### Problem to work on
Search the data for the string "cong" and copy each line in which it appears.

[Dataset items]
(* Let $p,d\ge 1$ be integers, let $C_0,\dots,C_{p-1}\in\mathbb{R}^{d\times d}$, and let $M\in\mathbb{R}^{pd\times pd}$ be the block companion matrix whose block rows $i=1,\dots,p-1$ have $I_d$ in block column $i+1$ and zeros elsewhere, and whose last block row is $(C_0,C_1,\dots,C_{p-1})$. Suppose there is an invertible $Q\in\mathbb{R}^{d\times d}$ such that $T_i:=Q^{-1}C_iQ$ is upper triangular for each $i$. Then the set of eigenvalues of $M$ equals $$\bigcup_{j=1}^d\left\{\lambda\in\mathbb{C}:\ \lambda^p-\sum_{k=0}^{p-1}\lambda^k (T_k)_{j,j}=0\right\}.$$
   Context: The diagonal entries $(T_k)_{1,1},\dots,(T_k)_{d,d}$ are the eigenvalues of $C_k$ listed in the order induced by $Q$. *)

theory Defs
  imports Complex_Main "Jordan_Normal_Form.Matrix" "Jordan_Normal_Form.Char_Poly"
begin

text \<open>Block companion matrix of size (p*d) x (p*d), 0-based indices.
  Block row i < p-1 has the identity in block column i+1; the last block row
  is (C 0, C 1, ..., C (p-1)).\<close>
definition block_companion :: "nat \<Rightarrow> nat \<Rightarrow> (nat \<Rightarrow> real mat) \<Rightarrow> real mat" where
  "block_companion p d C = mat (p * d) (p * d) (\<lambda>(r, c).
     let i = r div d; a = r mod d; j = c div d; b = c mod d in
     if i < p - 1 then (if j = i + 1 \<and> a = b then 1 else 0)
     else C j $$ (a, b))"

end

theory Submission
  imports Defs
begin

text \<open>An eigenvector of the block companion matrix \<open>M\<close> for \<open>\<lambda>\<close> is forced, block row by block
  row, to be of the form \<open>(w, \<lambda> w, \<dots>, \<lambda>\<^sup>p\<^sup>-\<^sup>1 w)\<close>, and such a vector is an eigenvector exactly
  when the last block row holds, i.e. when \<open>L(\<lambda>) w = 0\<close> for the monic matrix polynomial
  \<open>L(\<lambda>) = \<lambda>\<^sup>p I - \<Sum>\<^sub>k \<lambda>\<^sup>k C\<^sub>k\<close>. Hence the eigenvalues of \<open>M\<close> are the zeros of \<open>det L(\<lambda>)\<close>.
  Conjugation by \<open>Q\<close> turns \<open>L(\<lambda>)\<close> into \<open>\<lambda>\<^sup>p I - \<Sum>\<^sub>k \<lambda>\<^sup>k T\<^sub>k\<close> without changing the determinant,
  and this matrix is upper triangular, so its determinant is the product of its diagonal entries.\<close>

lemma sum_lessThan_mult_blocks:
  "(\<Sum>c<p * d. f c) = (\<Sum>j<p. \<Sum>b<(d::nat). f (j * d + b))"
proof -
  have "sum f {j * d..<j * d + d} = (\<Sum>b<d. f (j * d + b))" for j
    using sum.shift_bounds_nat_ivl[of f 0 "j * d" d] by (simp add: atLeast0LessThan add.commute)
  then show ?thesis by (simp add: sum.nat_group[symmetric])
qed

lemma block_index_less: "j < p \<Longrightarrow> b < d \<Longrightarrow> j * d + b < p * (d::nat)"
proof -
  assume "j < p" "b < d"
  then have "j * d + b < Suc j * d" by simp
  also have "\<dots> \<le> p * d" using \<open>j < p\<close> by (intro mult_right_mono) auto
  finally show ?thesis .
qed

definition matrix_poly_sum :: "nat \<Rightarrow> nat \<Rightarrow> (nat \<Rightarrow> 'a :: semiring_1 mat) \<Rightarrow> 'a \<Rightarrow> 'a mat" where
  "matrix_poly_sum d n C z = mat d d (\<lambda>(a, b). \<Sum>k<n. z ^ k * C k $$ (a, b))"

definition monic_matrix_poly :: "nat \<Rightarrow> nat \<Rightarrow> (nat \<Rightarrow> 'a :: ring_1 mat) \<Rightarrow> 'a \<Rightarrow> 'a mat" where
  "monic_matrix_poly d p C z = z ^ p \<cdot>\<^sub>m 1\<^sub>m d - matrix_poly_sum d p C z"

lemma monic_matrix_poly_eq_mat:
  "monic_matrix_poly d p C z
    = mat d d (\<lambda>(a, b). (if a = b then z ^ p else 0) - (\<Sum>k<p. z ^ k * C k $$ (a, b)))"
  by (rule eq_matI) (auto simp: monic_matrix_poly_def matrix_poly_sum_def)

lemma monic_matrix_poly_carrier: "monic_matrix_poly d p C z \<in> carrier_mat d d"
  by (simp add: monic_matrix_poly_eq_mat)

lemma monic_matrix_poly_mult_vec_index:
  fixes C :: "nat \<Rightarrow> 'a :: comm_ring_1 mat"
  assumes w: "w \<in> carrier_vec d" and C: "\<And>k. k < p \<Longrightarrow> C k \<in> carrier_mat d d" and a: "a < d"
  shows "(monic_matrix_poly d p C z *\<^sub>v w) $ a = z ^ p * w $ a - (\<Sum>k<p. z ^ k * (C k *\<^sub>v w) $ a)"
proof -
  have "(monic_matrix_poly d p C z *\<^sub>v w) $ a
      = (\<Sum>b<d. (if a = b then z ^ p * w $ b else 0) - (\<Sum>k<p. z ^ k * (C k $$ (a, b) * w $ b)))"
    using w a by (auto simp: scalar_prod_def atLeast0LessThan monic_matrix_poly_eq_mat
        left_diff_distrib sum_distrib_right mult.assoc intro!: sum.cong)
  also have "\<dots> = z ^ p * w $ a - (\<Sum>k<p. z ^ k * (\<Sum>b<d. C k $$ (a, b) * w $ b))"
    using a by (simp add: sum_subtractf sum.swap[of _ "{..<d}"] sum_distrib_left)
  also have "\<dots> = z ^ p * w $ a - (\<Sum>k<p. z ^ k * (C k *\<^sub>v w) $ a)"
  proof -
    have "(C k *\<^sub>v w) $ a = (\<Sum>b<d. C k $$ (a, b) * w $ b)" if "k < p" for k
      using C[OF that] w a by (simp add: scalar_prod_def atLeast0LessThan)
    then show ?thesis by simp
  qed
  finally show ?thesis .
qed

lemma matrix_poly_sum_Suc:
  "C n \<in> carrier_mat d d \<Longrightarrow>
    matrix_poly_sum d (Suc n) C z = matrix_poly_sum d n C z + z ^ n \<cdot>\<^sub>m C n"
  by (rule eq_matI) (auto simp: matrix_poly_sum_def)

lemma matrix_poly_sum_similar:
  fixes C T :: "nat \<Rightarrow> 'a :: comm_ring_1 mat"
  assumes P: "P \<in> carrier_mat d d" and Q: "Q \<in> carrier_mat d d"
    and C: "\<And>k. k < n \<Longrightarrow> C k \<in> carrier_mat d d"
    and T: "\<And>k. k < n \<Longrightarrow> T k = P * C k * Q"
  shows "P * matrix_poly_sum d n C z * Q = matrix_poly_sum d n T z"
  using C T
proof (induction n)
  case 0
  have "matrix_poly_sum d 0 C z = 0\<^sub>m d d" "matrix_poly_sum d 0 T z = 0\<^sub>m d d"
    by (auto simp: matrix_poly_sum_def)
  then show ?case using P Q by simp
next
  case (Suc n)
  have Cn: "C n \<in> carrier_mat d d" and Tn: "T n = P * C n * Q" using Suc.prems by auto
  have Tn_carrier: "T n \<in> carrier_mat d d" using Tn P Q Cn by simp
  have S: "matrix_poly_sum d n C z \<in> carrier_mat d d" by (simp add: matrix_poly_sum_def)
  have "P * matrix_poly_sum d (Suc n) C z * Q
      = P * matrix_poly_sum d n C z * Q + z ^ n \<cdot>\<^sub>m (P * C n * Q)"
    using P Q Cn S by (simp add: matrix_poly_sum_Suc mult_add_distrib_mat[of _ d d]
        add_mult_distrib_mat[of _ d d] mult_smult_distrib[of _ d d] mult_smult_assoc_mat[of _ d d])
  also have "\<dots> = matrix_poly_sum d (Suc n) T z"
    using Suc Tn Tn_carrier by (simp add: matrix_poly_sum_Suc)
  finally show ?case .
qed

lemma monic_matrix_poly_similar:
  fixes C T :: "nat \<Rightarrow> 'a :: comm_ring_1 mat"
  assumes P: "P \<in> carrier_mat d d" and Q: "Q \<in> carrier_mat d d" and PQ: "P * Q = 1\<^sub>m d"
    and C: "\<And>k. k < p \<Longrightarrow> C k \<in> carrier_mat d d"
    and T: "\<And>k. k < p \<Longrightarrow> T k = P * C k * Q"
  shows "P * monic_matrix_poly d p C z * Q = monic_matrix_poly d p T z"
proof -
  have S: "matrix_poly_sum d p C z \<in> carrier_mat d d" by (simp add: matrix_poly_sum_def)
  have "P * (z ^ p \<cdot>\<^sub>m 1\<^sub>m d - matrix_poly_sum d p C z) = z ^ p \<cdot>\<^sub>m P - P * matrix_poly_sum d p C z"
    using mult_minus_distrib_mat[OF P smult_carrier_mat[OF one_carrier_mat] S]
      mult_smult_distrib[OF P one_carrier_mat] P by simp
  moreover have "(z ^ p \<cdot>\<^sub>m P - P * matrix_poly_sum d p C z) * Q
      = z ^ p \<cdot>\<^sub>m (P * Q) - P * matrix_poly_sum d p C z * Q"
    using P Q S by (simp add: minus_mult_distrib_mat[of _ d d] mult_smult_assoc_mat[of _ d d])
  ultimately show ?thesis
    using PQ matrix_poly_sum_similar[OF P Q C T] by (simp add: monic_matrix_poly_def)
qed

lemma det_monic_matrix_poly_upper_triangular:
  fixes T :: "nat \<Rightarrow> 'a :: comm_ring_1 mat"
  assumes T: "\<And>k. k < p \<Longrightarrow> T k \<in> carrier_mat d d"
    and ut: "\<And>k. k < p \<Longrightarrow> upper_triangular (T k)"
  shows "det (monic_matrix_poly d p T z) = (\<Prod>j<d. z ^ p - (\<Sum>k<p. z ^ k * T k $$ (j, j)))"
proof -
  have "upper_triangular (monic_matrix_poly d p T z)"
  proof (unfold upper_triangular_def, intro allI impI)
    fix i j assume "i < dim_row (monic_matrix_poly d p T z)" "j < i"
    moreover have "T k $$ (i, j) = 0" if "k < p" for k
      using ut[OF that] T[OF that] \<open>j < i\<close> calculation unfolding upper_triangular_def
      by (simp add: monic_matrix_poly_eq_mat)
    ultimately show "monic_matrix_poly d p T z $$ (i, j) = 0" by (simp add: monic_matrix_poly_eq_mat)
  qed
  then show ?thesis
    by (simp add: det_upper_triangular[of _ d] prod_list_diag_prod monic_matrix_poly_eq_mat atLeast0LessThan)
qed

lemma det_monic_matrix_poly_similar:
  fixes C T :: "nat \<Rightarrow> 'a :: comm_ring_1 mat"
  assumes P: "P \<in> carrier_mat d d" and Q: "Q \<in> carrier_mat d d"
    and PQ: "P * Q = 1\<^sub>m d" and QP: "Q * P = 1\<^sub>m d"
    and C: "\<And>k. k < p \<Longrightarrow> C k \<in> carrier_mat d d"
    and T: "\<And>k. k < p \<Longrightarrow> T k = P * C k * Q"
  shows "det (monic_matrix_poly d p T z) = det (monic_matrix_poly d p C z)"
proof (rule det_similar, rule similar_matI)
  show "monic_matrix_poly d p T z = P * monic_matrix_poly d p C z * Q"
    using monic_matrix_poly_similar[OF P Q PQ C T] by simp
qed (use P Q PQ QP monic_matrix_poly_carrier in auto)

lemma det_monic_matrix_poly_of_real_similar:
  fixes C T :: "nat \<Rightarrow> real mat" and z :: "'a :: {comm_ring_1, real_algebra_1}"
  assumes P: "P \<in> carrier_mat d d" and Q: "Q \<in> carrier_mat d d"
    and PQ: "P * Q = 1\<^sub>m d" and QP: "Q * P = 1\<^sub>m d"
    and C: "\<And>k. k < p \<Longrightarrow> C k \<in> carrier_mat d d"
    and T: "\<And>k. k < p \<Longrightarrow> T k = P * C k * Q"
  shows "det (monic_matrix_poly d p (\<lambda>k. map_mat of_real (T k)) z)
    = det (monic_matrix_poly d p (\<lambda>k. map_mat of_real (C k)) z)"
proof -
  have "map_mat of_real P * map_mat of_real Q = (1\<^sub>m d :: 'a mat)"
    by (simp add: of_real_hom.mat_hom_mult[OF P Q, symmetric] PQ of_real_hom.mat_hom_one)
  moreover have "map_mat of_real Q * map_mat of_real P = (1\<^sub>m d :: 'a mat)"
    by (simp add: of_real_hom.mat_hom_mult[OF Q P, symmetric] QP of_real_hom.mat_hom_one)
  moreover have "map_mat of_real (T k) = map_mat of_real P * map_mat of_real (C k) * map_mat of_real Q"
    if "k < p" for k
    using T[OF that] C[OF that] P Q by (simp add: of_real_hom.mat_hom_mult[of _ d d _ d])
  ultimately show ?thesis
    using P Q C
    by (intro det_monic_matrix_poly_similar[where P = "map_mat of_real P" and Q = "map_mat of_real Q"]) auto
qed

lemma upper_triangular_map_mat:
  "A \<in> carrier_mat n n \<Longrightarrow> upper_triangular A \<Longrightarrow> f 0 = 0 \<Longrightarrow> upper_triangular (map_mat f A)"
  by (auto simp: upper_triangular_def)

lemma det_monic_matrix_poly_of_real_upper_triangular:
  fixes T :: "nat \<Rightarrow> real mat" and z :: "'a :: {comm_ring_1, real_algebra_1}"
  assumes T: "\<And>k. k < p \<Longrightarrow> T k \<in> carrier_mat d d"
    and ut: "\<And>k. k < p \<Longrightarrow> upper_triangular (T k)"
  shows "det (monic_matrix_poly d p (\<lambda>k. map_mat of_real (T k)) z)
    = (\<Prod>j<d. z ^ p - (\<Sum>k<p. z ^ k * of_real (T k $$ (j, j))))"
proof -
  have "det (monic_matrix_poly d p (\<lambda>k. map_mat of_real (T k)) z)
      = (\<Prod>j<d. z ^ p - (\<Sum>k<p. z ^ k * map_mat of_real (T k) $$ (j, j)))"
    by (rule det_monic_matrix_poly_upper_triangular)
      (use T upper_triangular_map_mat[OF T ut, where f = of_real] in auto)
  also have "\<dots> = (\<Prod>j<d. z ^ p - (\<Sum>k<p. z ^ k * of_real (T k $$ (j, j))))"
  proof -
    have "map_mat of_real (T k) $$ (j, j) = of_real (T k $$ (j, j))" if "k < p" "j < d" for k j
      using T[OF that(1)] that(2) by simp
    then show ?thesis by (intro prod.cong sum.cong arg_cong2[where f = "(-)"] arg_cong2[where f = "(*)"] refl) auto
  qed
  finally show ?thesis .
qed

lemma block_companion_upper_row:
  fixes v :: "'a :: real_algebra_1 vec"
  assumes v: "v \<in> carrier_vec (p * d)" and r: "r < p * d" and upper: "r div d < p - 1"
  shows "(map_mat of_real (block_companion p d C) *\<^sub>v v) $ r = v $ (r + d)"
proof -
  have d: "0 < d" using r by (cases d) auto
  have rd: "r + d < p * d"
    using block_index_less[of "r div d + 1" p "r mod d" d] upper d by (simp add: algebra_simps)
  have row: "block_companion p d C $$ (r, c) = (if c = r + d then 1 else 0)" if c: "c < p * d" for c
  proof -
    have "(c div d = r div d + 1 \<and> r mod d = c mod d) \<longleftrightarrow> c = r + d"
      using d by (metis add.commute div_mult_mod_eq mod_add_self2 div_add_self2 less_not_refl)
    then show ?thesis using r c upper by (simp add: block_companion_def Let_def)
  qed
  have "(map_mat of_real (block_companion p d C) *\<^sub>v v) $ r
      = (\<Sum>c<p * d. of_real (block_companion p d C $$ (r, c)) * v $ c)"
    using v r by (simp add: block_companion_def scalar_prod_def atLeast0LessThan)
  also have "\<dots> = (\<Sum>c<p * d. if c = r + d then v $ c else 0)"
    using row by (intro sum.cong) auto
  also have "\<dots> = v $ (r + d)" using rd by simp
  finally show ?thesis .
qed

### Written solution
        left_diff_distrib sum_distrib_right mult.assoc intro!: sum.cong)
    then show ?thesis by (intro prod.cong sum.cong arg_cong2[where f = "(-)"] arg_cong2[where f = "(*)"] refl) auto
    using row by (intro sum.cong) auto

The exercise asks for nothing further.